> **Provided records**
lemma renewal_lower_bound_spreads_thrice:
  assumes R: "renewal_beyond a g" and nonneg: "\<And>y. a - 2 \<le> y \<Longrightarrow> 0 \<le> g y"
    and "0 \<le> c" and lower: "\<And>y. y \<in> {p..p+1/4} \<Longrightarrow> c \<le> g y" and "a - 1 \<le> p"
    and y: "y \<in> {p+27/8..p+47/8}"
  shows "c / 512 \<le> g y"
proof -
  have "c / 8 \<le> g y" if "y \<in> {p+9/8..p+17/8}" for y
    using renewal_lower_bound_spreads[OF R nonneg, of c p "p+1/4" "1/8" y] assms that by auto
  then have "c / 64 \<le> g y" if "y \<in> {p+9/4..p+4}" for y
    using renewal_lower_bound_spreads[OF R nonneg, of "c/8" "p+9/8" "p+17/8" "1/8" y] assms that
    by auto
  then show ?thesis
    using renewal_lower_bound_spreads[OF R nonneg, of "c/64" "p+9/4" "p+4" "1/8" y] assms
    by auto
qed

lemma renewal_doeblin:
  assumes R: "renewal_beyond a g" and init: "\<And>y. y \<in> {a-2..a} \<Longrightarrow> 0 \<le> g y"
    and y: "y \<in> {a+4..a+6}"
  shows "integral {a-3/2..a-1/2} g / 1024 \<le> g y"
proof -
  have nonneg: "0 \<le> g y" if "a - 2 \<le> y" for y
    using R init that by (rule renewal_beyond_nonneg)
  have g: "g integrable_on {u..v}" for u v
    using R by (rule renewal_beyond_integrable)
  define P where "P = integral {a-3/2..a-1} g"
  define Q where "Q = integral {a-1..a-1/2} g"
  have "0 \<le> P" "0 \<le> Q"
    unfolding P_def Q_def by (auto intro!: integral_nonneg g nonneg)
  have "P / 512 \<le> g y"
  proof (rule renewal_lower_bound_spreads_thrice[OF R nonneg \<open>0 \<le> P\<close>])
    show "P \<le> g z" if "z \<in> {a+1/4..a+1/4+1/4}" for z
      unfolding P_def using that by (intro renewal_window_integral_le[OF R nonneg]) auto
  qed (use y in auto)
  moreover have "Q / 512 \<le> g y"
  proof (rule renewal_lower_bound_spreads_thrice[OF R nonneg \<open>0 \<le> Q\<close>])
    show "Q \<le> g z" if "z \<in> {a+1/2..a+1/2+1/4}" for z
      unfolding Q_def using that by (intro renewal_window_integral_le[OF R nonneg]) auto
  qed (use y in auto)
  moreover have "P + Q = integral {a-3/2..a-1/2} g"
    unfolding P_def Q_def by (rule Henstock_Kurzweil_Integration.integral_combine) (auto intro: g)
  ultimately show ?thesis
    by linarith
qed

lemma renewal_lower_bound_improves:
  assumes R: "renewal_beyond a g" and lower: "\<And>y. y \<in> {a-2..a} \<Longrightarrow> lo \<le> g y"
    and "a + 4 \<le> y"
  shows "lo + (integral {a-3/2..a-1/2} g - lo) / 1024 \<le> g y"
proof -
  define lo' where "lo' = lo + (integral {a-3/2..a-1/2} g - lo) / 1024"
  have R': "renewal_beyond a (\<lambda>y. 1 * g y + - lo)"
    using R by (rule renewal_beyond_affine)
  have integral_shifted:
    "integral {a-3/2..a-1/2} (\<lambda>y. 1 * g y + - lo) = integral {a-3/2..a-1/2} g - lo"
    using renewal_beyond_integrable[OF R] by (subst integral_add) auto
  have init: "0 \<le> 1 * g y + - lo'" if "y \<in> {(a+6)-2..a+6}" for y
  proof -
    have "integral {a-3/2..a-1/2} (\<lambda>y. 1 * g y + - lo) / 1024 \<le> 1 * g y + - lo"
      using lower that by (intro renewal_doeblin[OF R']) auto
    then have "(integral {a-3/2..a-1/2} g - lo) / 1024 \<le> g y - lo"
      unfolding integral_shifted by simp
    then show ?thesis
      unfolding lo'_def by linarith
  qed
  have "renewal_beyond (a + 6) (\<lambda>y. 1 * g y + - lo')"
    using renewal_beyond_affine[OF R] by (rule renewal_beyond_mono) simp
  then have "0 \<le> 1 * g y + - lo'"
    by (rule renewal_beyond_nonneg) (use init assms(3) in auto)
  then show ?thesis
    by (simp add: lo'_def)
qed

> **Task description**
Which lines in the records above include the word "lemma"? Copy them out.

> **Task output**
lemma renewal_lower_bound_spreads_thrice:
lemma renewal_doeblin:
lemma renewal_lower_bound_improves:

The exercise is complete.